lemma sum_tr_char_mult:
  assumes "k > 0" "k dvd n" "c \<in> frob_fixed (p ^ k)"
  shows "(\<Sum>y\<in>frob_fixed (p ^ k). tr_char k (c * y)) = (if c = 0 then of_nat (p ^ k) else 0)"
proof (cases "c = 0")
  case True
  then show ?thesis
    using assms by (simp add: tr_char_0 card_frob_fixed)
next
  case False
  have "(\<Sum>y\<in>frob_fixed (p ^ k). tr_char k (c * y)) = (\<Sum>y\<in>frob_fixed (p ^ k). tr_char k y)"
    by (rule sum.reindex_bij_witness[of _ "\<lambda>y. y / c" "\<lambda>y. c * y"])
       (use assms False frob_fixed_mult frob_fixed_divide in auto)
  then show ?thesis
    using sum_tr_char[OF assms(1,2)] False by simp
qed

lemma sum_tr_char_mult_nonzero:
  assumes "k > 0" "k dvd n" "c \<in> frob_fixed (p ^ k)"
  shows "(\<Sum>y\<in>frob_fixed (p ^ k) - {0}. tr_char k (c * y)) = (if c = 0 then of_nat (p ^ k) - 1 else -1)"
proof -
  let ?S = "\<Sum>y\<in>frob_fixed (p ^ k) - {0}. tr_char k (c * y)"
  have "(0::'a) \<in> frob_fixed (p ^ k)"
    using p_gt_1 by (simp add: frob_fixed_0)
  then have "(\<Sum>y\<in>frob_fixed (p ^ k). tr_char k (c * y)) = 1 + ?S"
    by (simp add: sum.remove[of _ 0] tr_char_0)
  then have "1 + ?S = (if c = 0 then of_nat (p ^ k) else 0)"
    using sum_tr_char_mult[OF assms] by simp
  then show ?thesis
    by (auto simp: eq_diff_eq add.commute add_eq_0_iff)
qed

end

section \<open>The quadratic character of \<open>F_r\<close>\<close>

locale quadratic_subfield = finite_field_char +
  fixes t r :: nat
  assumes odd_p: "odd p" and t_pos: "t > 0" and t_dvd_n: "t dvd n" and r_eq: "r = p ^ t"
begin

abbreviation Fr :: "'a set" where
  "Fr \<equiv> frob_fixed r"

abbreviation Fr_units :: "'a set" where
  "Fr_units \<equiv> Fr - {0}"

lemma r_gt_1: "r > 1"
  using one_less_power[OF p_gt_1 t_pos] r_eq by simp

lemma card_Fr: "card Fr = r"
  using card_frob_fixed[OF t_pos t_dvd_n] r_eq by simp

lemmas Fr_uminus = frob_fixed_uminus[of _ t, folded r_eq]
lemmas Fr_diff = frob_fixed_diff[of _ t, folded r_eq]
lemmas tr_char_add_Fr = tr_char_add[of _ t, folded r_eq]
lemmas cnj_tr_char_Fr = cnj_tr_char[of _ t, folded r_eq]

lemma Fr_0: "0 \<in> Fr"
  using r_gt_1 by (simp add: frob_fixed_0)

lemma Fr_1: "1 \<in> Fr"
  by (rule frob_fixed_1)

lemma Fr_units_mult: "a \<in> Fr_units \<Longrightarrow> b \<in> Fr_units \<Longrightarrow> a * b \<in> Fr_units"
  by (simp add: frob_fixed_mult)

lemma Fr_units_divide: "a \<in> Fr_units \<Longrightarrow> b \<in> Fr_units \<Longrightarrow> a / b \<in> Fr_units"
  by (simp add: frob_fixed_divide)

lemma card_Fr_units: "card Fr_units = r - 1"
  using card_Fr Fr_0 by (simp add: card_Diff_singleton)

lemma sum_tr_char_Fr:
  "w \<in> Fr \<Longrightarrow> (\<Sum>b\<in>Fr. tr_char t (w * b)) = (if w = 0 then of_nat r else 0)"
  using sum_tr_char_mult[OF t_pos t_dvd_n, of w] r_eq by simp

lemma sum_tr_char_Fr_units:
  "w \<in> Fr \<Longrightarrow> (\<Sum>b\<in>Fr_units. tr_char t (w * b)) = (if w = 0 then of_nat r - 1 else -1)"
  using sum_tr_char_mult_nonzero[OF t_pos t_dvd_n, of w] r_eq by simp

lemma tr_char_mult_uminus:
  assumes "c \<in> Fr" "v \<in> Fr" "w \<in> Fr"
  shows "tr_char t (- (c * w)) * tr_char t (c * v) = tr_char t ((v - w) * c)"
proof -
  have "tr_char t ((v - w) * c) = tr_char t (c * v + - (c * w))"
    by (simp add: algebra_simps)
  also have "\<dots> = tr_char t (c * v) * tr_char t (- (c * w))"
    using assms by (intro tr_char_add_Fr) (simp_all add: frob_fixed_mult Fr_uminus)
  finally show ?thesis
    by (simp add: mult.commute)
qed

lemma two_neq_zero: "(2::'a) \<noteq> 0"
proof
  assume "(2::'a) = 0"
  then have "p dvd 2"
    using of_nat_eq_0_iff_char_dvd[of 2, where 'a = 'a] CHAR_eq by simp
  then have "p = 2"
    using prime_p two_is_prime_nat primes_dvd_imp_eq by blast
  with odd_p show False
    by simp
qed

lemma one_neq_minus_one: "(1::'a) \<noteq> - 1"
  using two_neq_zero by (simp add: eq_neg_iff_add_eq_0)

definition nonzero_squares :: "'a set" where
  "nonzero_squares = (\<lambda>z. z ^ 2) ` Fr_units"

definition nonsquares :: "'a set" where
  "nonsquares = {v \<in> Fr. quad_char r v = -1}"

lemma nonzero_squares_subset: "nonzero_squares \<subseteq> Fr_units"
  using frob_fixed_power by (auto simp: nonzero_squares_def)

lemma quad_char_Fr_units:
  assumes "v \<in> Fr_units"
  shows "quad_char r v = (if v \<in> nonzero_squares then 1 else -1)"
proof -
  have "(\<exists>z. z ^ r = z \<and> z ^ 2 = v) \<longleftrightarrow> v \<in> nonzero_squares"
    using assms by (auto simp: nonzero_squares_def frob_fixed_def)
  then show ?thesis
    using assms by (simp add: quad_char_def)
qed

lemma quad_char_nonzero_squares: "v \<in> nonzero_squares \<Longrightarrow> quad_char r v = 1"
  using nonzero_squares_subset quad_char_Fr_units[of v] by auto

lemma nonsquares_eq: "nonsquares = Fr_units - nonzero_squares"
proof (intro set_eqI iffI)
  fix v
  assume v: "v \<in> nonsquares"
  moreover have "quad_char r (0::'a) = 0"
    by (simp add: quad_char_def)
  ultimately have "v \<in> Fr_units"
    by (auto simp: nonsquares_def)
  then show "v \<in> Fr_units - nonzero_squares"
    using v quad_char_Fr_units[of v] by (auto simp: nonsquares_def)
next
  fix v
  assume "v \<in> Fr_units - nonzero_squares"
  then show "v \<in> nonsquares"
    by (simp add: nonsquares_def quad_char_Fr_units)
qed

lemma sum_Fr_units_split:
  "(\<Sum>v\<in>Fr_units. g v) = (\<Sum>v\<in>nonzero_squares. g v) + (\<Sum>v\<in>nonsquares. g v)"
proof -
  have "Fr_units = nonzero_squares \<union> nonsquares" "nonzero_squares \<inter> nonsquares = {}"
    using nonzero_squares_subset by (auto simp: nonsquares_eq)
  then show ?thesis
    by (simp add: sum.union_disjoint)
qed

lemma card_nonzero_squares: "2 * card nonzero_squares = r - 1"
proof -
  have "card {z \<in> Fr_units. z ^ 2 = v} = 2" if "v \<in> (\<lambda>z. z ^ 2) ` Fr_units" for v
  proof -
    from that obtain z0 where z0: "z0 \<in> Fr_units" "v = z0 ^ 2"
      by auto
    then have "{z \<in> Fr_units. z ^ 2 = v} = {z0, - z0}"
      using Fr_uminus[of z0] by (auto simp: power2_eq_iff)
    moreover have "z0 \<noteq> - z0"
      using z0 two_neq_zero by (auto simp: eq_neg_iff_add_eq_0 simp flip: mult_2)
    ultimately show ?thesis
      by simp
  qed
  then have "card Fr_units = 2 * card nonzero_squares"
    unfolding nonzero_squares_def by (intro card_constant_fibres) auto
  then show ?thesis
    using card_Fr_units by simp
qed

◆ ◆ ◆ ◆

▸ **WORK INSTRUCTIONS**: Look through the listing above and count the lines where the string "Longrightarrow" appears. Report the number only.

▸ **OUTPUT BELOW**: 5